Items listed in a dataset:

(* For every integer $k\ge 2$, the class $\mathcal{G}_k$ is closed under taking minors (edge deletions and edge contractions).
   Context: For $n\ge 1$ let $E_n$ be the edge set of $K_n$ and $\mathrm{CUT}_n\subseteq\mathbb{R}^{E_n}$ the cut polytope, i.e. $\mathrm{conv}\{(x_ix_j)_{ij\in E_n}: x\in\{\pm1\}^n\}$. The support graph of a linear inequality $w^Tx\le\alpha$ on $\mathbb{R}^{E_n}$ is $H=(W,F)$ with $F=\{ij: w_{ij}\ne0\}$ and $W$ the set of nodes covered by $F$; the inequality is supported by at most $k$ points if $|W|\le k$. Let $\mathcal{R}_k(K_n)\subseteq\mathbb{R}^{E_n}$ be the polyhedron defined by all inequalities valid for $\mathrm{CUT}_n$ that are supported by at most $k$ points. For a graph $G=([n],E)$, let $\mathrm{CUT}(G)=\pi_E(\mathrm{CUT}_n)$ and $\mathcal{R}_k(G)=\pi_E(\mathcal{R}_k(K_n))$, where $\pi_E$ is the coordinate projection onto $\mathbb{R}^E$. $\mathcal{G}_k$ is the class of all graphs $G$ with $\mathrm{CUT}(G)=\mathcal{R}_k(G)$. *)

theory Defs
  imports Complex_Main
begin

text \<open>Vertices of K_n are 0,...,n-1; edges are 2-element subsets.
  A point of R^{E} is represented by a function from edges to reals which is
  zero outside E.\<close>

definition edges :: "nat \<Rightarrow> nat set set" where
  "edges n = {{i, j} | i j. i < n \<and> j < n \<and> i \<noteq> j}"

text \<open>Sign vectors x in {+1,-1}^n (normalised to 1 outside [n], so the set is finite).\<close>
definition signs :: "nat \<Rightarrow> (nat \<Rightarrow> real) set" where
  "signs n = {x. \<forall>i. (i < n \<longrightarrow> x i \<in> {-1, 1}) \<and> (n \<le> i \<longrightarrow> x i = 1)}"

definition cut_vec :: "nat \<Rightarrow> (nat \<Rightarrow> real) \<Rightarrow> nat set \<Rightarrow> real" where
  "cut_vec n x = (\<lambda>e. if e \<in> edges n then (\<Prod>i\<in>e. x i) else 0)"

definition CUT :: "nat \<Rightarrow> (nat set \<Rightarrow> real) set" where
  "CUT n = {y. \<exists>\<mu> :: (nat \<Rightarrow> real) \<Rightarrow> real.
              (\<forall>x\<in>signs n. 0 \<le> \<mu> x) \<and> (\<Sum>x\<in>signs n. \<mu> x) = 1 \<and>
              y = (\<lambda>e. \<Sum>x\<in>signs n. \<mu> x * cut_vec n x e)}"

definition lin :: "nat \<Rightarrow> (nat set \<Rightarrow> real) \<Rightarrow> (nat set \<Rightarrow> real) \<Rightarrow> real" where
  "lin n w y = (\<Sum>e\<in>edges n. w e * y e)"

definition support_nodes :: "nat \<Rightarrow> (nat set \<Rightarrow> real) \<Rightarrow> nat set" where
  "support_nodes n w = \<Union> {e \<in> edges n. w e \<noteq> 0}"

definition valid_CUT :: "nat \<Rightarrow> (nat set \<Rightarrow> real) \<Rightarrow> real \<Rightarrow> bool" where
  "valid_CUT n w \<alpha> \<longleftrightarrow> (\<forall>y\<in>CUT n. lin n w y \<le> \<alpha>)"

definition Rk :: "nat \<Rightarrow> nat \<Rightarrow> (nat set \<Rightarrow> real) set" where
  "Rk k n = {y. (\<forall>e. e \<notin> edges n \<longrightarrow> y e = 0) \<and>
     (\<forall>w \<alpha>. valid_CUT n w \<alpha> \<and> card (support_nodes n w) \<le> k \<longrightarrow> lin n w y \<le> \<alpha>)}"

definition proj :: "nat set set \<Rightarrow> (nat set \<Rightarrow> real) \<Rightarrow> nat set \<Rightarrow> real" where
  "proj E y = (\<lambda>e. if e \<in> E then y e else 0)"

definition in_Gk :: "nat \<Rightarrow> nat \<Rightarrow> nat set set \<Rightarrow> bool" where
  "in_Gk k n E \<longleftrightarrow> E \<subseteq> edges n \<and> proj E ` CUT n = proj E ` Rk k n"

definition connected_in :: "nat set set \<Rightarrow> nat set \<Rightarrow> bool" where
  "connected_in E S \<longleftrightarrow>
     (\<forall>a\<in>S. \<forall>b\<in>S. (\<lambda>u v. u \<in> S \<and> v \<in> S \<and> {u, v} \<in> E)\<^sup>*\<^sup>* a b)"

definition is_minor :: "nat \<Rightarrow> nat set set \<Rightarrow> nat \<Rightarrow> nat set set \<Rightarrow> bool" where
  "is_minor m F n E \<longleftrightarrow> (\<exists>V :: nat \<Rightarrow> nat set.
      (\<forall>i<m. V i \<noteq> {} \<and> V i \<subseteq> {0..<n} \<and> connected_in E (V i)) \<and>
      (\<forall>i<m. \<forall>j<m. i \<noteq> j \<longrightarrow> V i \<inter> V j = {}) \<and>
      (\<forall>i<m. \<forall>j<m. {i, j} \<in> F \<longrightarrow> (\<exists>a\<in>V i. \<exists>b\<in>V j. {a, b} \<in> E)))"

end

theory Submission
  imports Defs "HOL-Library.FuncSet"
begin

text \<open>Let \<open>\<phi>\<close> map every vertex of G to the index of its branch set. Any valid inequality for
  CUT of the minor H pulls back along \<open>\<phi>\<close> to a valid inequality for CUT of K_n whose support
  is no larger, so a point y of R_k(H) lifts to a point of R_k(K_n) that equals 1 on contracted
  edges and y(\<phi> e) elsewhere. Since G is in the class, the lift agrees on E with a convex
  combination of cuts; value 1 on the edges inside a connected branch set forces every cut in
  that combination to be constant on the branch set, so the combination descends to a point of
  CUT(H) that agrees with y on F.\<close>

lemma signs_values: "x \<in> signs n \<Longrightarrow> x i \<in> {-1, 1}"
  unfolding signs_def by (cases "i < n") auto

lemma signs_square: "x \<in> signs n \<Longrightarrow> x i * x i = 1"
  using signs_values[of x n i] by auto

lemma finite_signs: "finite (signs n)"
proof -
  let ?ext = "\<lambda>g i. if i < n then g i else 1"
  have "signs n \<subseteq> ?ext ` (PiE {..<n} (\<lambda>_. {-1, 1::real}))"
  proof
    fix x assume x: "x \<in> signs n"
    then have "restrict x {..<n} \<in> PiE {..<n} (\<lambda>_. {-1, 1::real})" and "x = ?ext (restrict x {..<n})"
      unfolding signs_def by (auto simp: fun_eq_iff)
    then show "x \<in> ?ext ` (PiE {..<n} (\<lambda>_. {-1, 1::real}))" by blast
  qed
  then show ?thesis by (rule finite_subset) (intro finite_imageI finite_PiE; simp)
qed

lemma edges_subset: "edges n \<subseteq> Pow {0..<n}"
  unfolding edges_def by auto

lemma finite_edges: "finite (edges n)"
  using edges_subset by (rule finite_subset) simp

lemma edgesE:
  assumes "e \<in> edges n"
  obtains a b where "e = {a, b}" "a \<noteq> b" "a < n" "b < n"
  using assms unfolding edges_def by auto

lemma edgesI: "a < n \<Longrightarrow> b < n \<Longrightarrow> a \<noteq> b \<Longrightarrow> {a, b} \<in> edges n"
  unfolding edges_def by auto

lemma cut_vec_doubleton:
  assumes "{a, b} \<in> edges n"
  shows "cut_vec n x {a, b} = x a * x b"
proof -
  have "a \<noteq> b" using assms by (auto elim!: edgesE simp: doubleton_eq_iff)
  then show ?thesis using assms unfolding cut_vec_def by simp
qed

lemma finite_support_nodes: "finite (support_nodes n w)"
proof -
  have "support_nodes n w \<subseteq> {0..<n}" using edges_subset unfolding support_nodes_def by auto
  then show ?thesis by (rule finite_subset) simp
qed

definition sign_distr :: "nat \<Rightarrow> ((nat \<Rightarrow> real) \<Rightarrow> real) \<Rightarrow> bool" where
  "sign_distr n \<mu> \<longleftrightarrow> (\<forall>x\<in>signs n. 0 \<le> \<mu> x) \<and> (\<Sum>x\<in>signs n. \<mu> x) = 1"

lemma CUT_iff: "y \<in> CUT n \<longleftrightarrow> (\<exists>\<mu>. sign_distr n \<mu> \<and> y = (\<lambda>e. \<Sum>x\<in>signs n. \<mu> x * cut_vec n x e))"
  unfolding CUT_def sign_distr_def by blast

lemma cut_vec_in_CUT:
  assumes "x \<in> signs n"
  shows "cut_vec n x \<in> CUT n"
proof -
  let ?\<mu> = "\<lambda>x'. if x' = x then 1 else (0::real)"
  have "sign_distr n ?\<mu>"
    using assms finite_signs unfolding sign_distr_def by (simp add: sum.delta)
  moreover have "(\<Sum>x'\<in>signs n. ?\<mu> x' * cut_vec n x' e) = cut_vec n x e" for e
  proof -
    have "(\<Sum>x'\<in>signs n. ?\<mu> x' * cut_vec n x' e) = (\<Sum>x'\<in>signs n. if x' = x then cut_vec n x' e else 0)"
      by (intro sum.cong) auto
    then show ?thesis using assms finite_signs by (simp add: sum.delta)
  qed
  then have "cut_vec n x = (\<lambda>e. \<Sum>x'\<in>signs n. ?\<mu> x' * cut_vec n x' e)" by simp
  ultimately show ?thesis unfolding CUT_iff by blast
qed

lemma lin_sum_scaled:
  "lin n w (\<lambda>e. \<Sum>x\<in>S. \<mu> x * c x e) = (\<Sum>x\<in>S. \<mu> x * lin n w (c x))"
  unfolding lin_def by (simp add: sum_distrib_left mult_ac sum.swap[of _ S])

• [What you should do] Which of the lines in the data hold the string "then"? Report each of them by copying it.

• [Response for this exercise]
  "cut_vec n x = (\<lambda>e. if e \<in> edges n then (\<Prod>i\<in>e. x i) else 0)"
  "proj E y = (\<lambda>e. if e \<in> E then y e else 0)"
  let ?ext = "\<lambda>g i. if i < n then g i else 1"
    then have "restrict x {..<n} \<in> PiE {..<n} (\<lambda>_. {-1, 1::real})" and "x = ?ext (restrict x {..<n})"
    then show "x \<in> ?ext ` (PiE {..<n} (\<lambda>_. {-1, 1::real}))" by blast
  then show ?thesis by (rule finite_subset) (intro finite_imageI finite_PiE; simp)
  then show ?thesis using assms unfolding cut_vec_def by simp
  then show ?thesis by (rule finite_subset) simp
  let ?\<mu> = "\<lambda>x'. if x' = x then 1 else (0::real)"
    have "(\<Sum>x'\<in>signs n. ?\<mu> x' * cut_vec n x' e) = (\<Sum>x'\<in>signs n. if x' = x then cut_vec n x' e else 0)"
    then show ?thesis using assms finite_signs by (simp add: sum.delta)
  then have "cut_vec n x = (\<lambda>e. \<Sum>x'\<in>signs n. ?\<mu> x' * cut_vec n x' e)" by simp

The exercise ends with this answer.